**EXERCISE OBJECTIVE:**
Below, find each line holding "imports" and state how many there are, using the number alone.

Start of DATA EXTRACT

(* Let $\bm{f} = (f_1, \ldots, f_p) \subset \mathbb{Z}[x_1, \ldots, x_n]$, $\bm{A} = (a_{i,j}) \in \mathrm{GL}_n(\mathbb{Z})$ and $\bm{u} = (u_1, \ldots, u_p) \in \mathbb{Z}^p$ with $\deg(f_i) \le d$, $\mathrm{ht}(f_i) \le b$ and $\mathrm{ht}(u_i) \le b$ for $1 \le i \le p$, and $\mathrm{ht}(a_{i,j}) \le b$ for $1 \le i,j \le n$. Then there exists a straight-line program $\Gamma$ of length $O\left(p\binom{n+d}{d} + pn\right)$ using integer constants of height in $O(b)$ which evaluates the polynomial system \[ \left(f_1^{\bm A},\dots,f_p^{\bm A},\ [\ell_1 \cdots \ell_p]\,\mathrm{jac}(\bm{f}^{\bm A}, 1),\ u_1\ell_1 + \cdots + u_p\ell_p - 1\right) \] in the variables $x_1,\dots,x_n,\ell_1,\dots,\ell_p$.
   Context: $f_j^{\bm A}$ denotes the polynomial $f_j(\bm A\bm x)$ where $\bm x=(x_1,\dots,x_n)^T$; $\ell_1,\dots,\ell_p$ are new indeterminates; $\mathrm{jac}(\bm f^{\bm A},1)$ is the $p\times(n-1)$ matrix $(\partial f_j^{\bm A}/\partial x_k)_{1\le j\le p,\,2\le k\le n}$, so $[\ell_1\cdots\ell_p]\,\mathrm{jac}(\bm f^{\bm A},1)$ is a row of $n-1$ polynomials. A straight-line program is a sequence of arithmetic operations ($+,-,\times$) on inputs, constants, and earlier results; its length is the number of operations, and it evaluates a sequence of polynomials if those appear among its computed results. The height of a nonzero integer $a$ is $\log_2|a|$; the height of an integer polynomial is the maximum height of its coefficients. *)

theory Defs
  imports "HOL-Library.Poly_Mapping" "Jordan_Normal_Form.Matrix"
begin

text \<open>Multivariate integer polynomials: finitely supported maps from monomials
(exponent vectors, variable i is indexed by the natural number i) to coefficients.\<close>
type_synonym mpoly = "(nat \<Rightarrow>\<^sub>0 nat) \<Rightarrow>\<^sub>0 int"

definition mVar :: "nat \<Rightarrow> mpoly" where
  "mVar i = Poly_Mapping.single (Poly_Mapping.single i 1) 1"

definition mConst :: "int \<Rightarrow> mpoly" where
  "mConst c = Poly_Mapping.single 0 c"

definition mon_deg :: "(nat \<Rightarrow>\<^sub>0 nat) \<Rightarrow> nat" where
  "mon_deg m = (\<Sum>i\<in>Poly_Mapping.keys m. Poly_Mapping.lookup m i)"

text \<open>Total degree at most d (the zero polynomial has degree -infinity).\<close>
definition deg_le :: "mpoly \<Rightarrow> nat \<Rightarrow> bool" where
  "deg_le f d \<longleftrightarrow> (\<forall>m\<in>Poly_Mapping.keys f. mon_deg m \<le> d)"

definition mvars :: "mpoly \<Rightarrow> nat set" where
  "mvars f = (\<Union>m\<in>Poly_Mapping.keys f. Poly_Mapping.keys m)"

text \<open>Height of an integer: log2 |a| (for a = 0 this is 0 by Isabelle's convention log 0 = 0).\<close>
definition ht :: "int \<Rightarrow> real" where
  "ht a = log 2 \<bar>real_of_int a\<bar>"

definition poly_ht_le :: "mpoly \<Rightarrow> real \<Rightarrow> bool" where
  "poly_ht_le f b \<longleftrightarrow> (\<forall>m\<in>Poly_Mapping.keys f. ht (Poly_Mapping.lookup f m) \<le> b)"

End of DATA EXTRACT
Start of DATA EXTRACT

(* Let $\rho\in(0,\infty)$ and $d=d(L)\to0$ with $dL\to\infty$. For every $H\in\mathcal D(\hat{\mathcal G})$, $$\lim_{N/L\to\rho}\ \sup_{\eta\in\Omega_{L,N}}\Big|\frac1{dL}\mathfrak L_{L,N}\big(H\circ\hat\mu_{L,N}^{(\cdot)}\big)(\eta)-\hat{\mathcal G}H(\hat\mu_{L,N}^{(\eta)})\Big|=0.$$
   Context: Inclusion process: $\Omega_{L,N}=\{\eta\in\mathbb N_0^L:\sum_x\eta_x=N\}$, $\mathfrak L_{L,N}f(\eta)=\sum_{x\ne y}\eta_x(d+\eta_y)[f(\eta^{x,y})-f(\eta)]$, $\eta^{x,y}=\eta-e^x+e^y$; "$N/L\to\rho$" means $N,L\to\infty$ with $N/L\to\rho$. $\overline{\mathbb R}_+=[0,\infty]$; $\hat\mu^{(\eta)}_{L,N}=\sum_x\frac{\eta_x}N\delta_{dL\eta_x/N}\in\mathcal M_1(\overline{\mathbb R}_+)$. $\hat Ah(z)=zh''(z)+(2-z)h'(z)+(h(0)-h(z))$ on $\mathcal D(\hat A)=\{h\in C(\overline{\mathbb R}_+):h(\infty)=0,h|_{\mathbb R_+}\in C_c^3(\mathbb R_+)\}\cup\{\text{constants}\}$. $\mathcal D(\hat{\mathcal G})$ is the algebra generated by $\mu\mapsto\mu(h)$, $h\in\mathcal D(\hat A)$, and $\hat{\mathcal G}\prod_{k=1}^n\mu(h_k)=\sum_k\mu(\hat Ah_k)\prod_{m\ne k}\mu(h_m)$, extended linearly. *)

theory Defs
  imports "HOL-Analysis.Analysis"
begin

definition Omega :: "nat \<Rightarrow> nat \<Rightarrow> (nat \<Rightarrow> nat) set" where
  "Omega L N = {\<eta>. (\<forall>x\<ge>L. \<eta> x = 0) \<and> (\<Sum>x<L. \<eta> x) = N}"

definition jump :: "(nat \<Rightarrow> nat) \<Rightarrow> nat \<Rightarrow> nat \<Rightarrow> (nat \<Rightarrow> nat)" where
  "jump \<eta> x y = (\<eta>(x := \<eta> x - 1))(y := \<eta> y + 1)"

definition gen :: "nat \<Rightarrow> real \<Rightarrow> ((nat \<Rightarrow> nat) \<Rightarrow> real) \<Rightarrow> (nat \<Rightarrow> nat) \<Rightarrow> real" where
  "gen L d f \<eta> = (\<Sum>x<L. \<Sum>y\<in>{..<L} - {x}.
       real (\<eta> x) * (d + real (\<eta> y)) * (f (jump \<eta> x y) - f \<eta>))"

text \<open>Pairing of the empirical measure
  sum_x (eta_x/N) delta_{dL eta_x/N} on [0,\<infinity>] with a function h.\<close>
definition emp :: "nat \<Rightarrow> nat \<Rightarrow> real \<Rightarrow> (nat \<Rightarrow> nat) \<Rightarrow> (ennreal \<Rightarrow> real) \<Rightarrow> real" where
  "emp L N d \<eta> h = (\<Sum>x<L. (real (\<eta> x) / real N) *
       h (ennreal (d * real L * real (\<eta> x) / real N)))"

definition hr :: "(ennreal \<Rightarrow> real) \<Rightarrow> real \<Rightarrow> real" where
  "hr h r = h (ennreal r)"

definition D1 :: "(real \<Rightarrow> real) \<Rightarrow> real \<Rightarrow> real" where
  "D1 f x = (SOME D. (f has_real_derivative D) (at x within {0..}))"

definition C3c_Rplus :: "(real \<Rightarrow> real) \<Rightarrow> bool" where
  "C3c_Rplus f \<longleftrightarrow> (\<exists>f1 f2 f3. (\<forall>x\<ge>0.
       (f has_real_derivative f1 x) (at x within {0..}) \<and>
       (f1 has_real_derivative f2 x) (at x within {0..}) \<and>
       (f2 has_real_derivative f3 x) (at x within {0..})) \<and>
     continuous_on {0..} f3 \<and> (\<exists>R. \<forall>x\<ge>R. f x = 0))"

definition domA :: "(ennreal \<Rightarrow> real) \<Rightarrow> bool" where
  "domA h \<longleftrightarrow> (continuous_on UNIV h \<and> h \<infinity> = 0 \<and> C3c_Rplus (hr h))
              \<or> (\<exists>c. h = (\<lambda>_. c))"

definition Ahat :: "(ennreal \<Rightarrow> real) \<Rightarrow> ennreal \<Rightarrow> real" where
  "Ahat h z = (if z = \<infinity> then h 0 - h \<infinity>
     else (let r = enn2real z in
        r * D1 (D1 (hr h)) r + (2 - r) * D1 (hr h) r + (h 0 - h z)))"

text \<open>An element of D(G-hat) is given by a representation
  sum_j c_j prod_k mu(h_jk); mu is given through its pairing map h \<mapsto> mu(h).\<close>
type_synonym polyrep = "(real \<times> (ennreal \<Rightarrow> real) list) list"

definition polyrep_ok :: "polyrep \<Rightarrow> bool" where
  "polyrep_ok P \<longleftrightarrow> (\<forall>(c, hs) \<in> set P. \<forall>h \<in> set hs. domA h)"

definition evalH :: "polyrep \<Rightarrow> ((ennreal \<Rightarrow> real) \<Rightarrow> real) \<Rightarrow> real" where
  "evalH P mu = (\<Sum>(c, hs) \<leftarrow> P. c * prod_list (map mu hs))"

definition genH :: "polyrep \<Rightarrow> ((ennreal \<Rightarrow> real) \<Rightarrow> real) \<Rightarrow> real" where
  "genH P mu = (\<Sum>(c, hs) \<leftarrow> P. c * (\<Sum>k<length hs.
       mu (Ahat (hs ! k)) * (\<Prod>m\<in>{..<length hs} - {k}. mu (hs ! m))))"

End of DATA EXTRACT

**COMPLETED TASK:**
2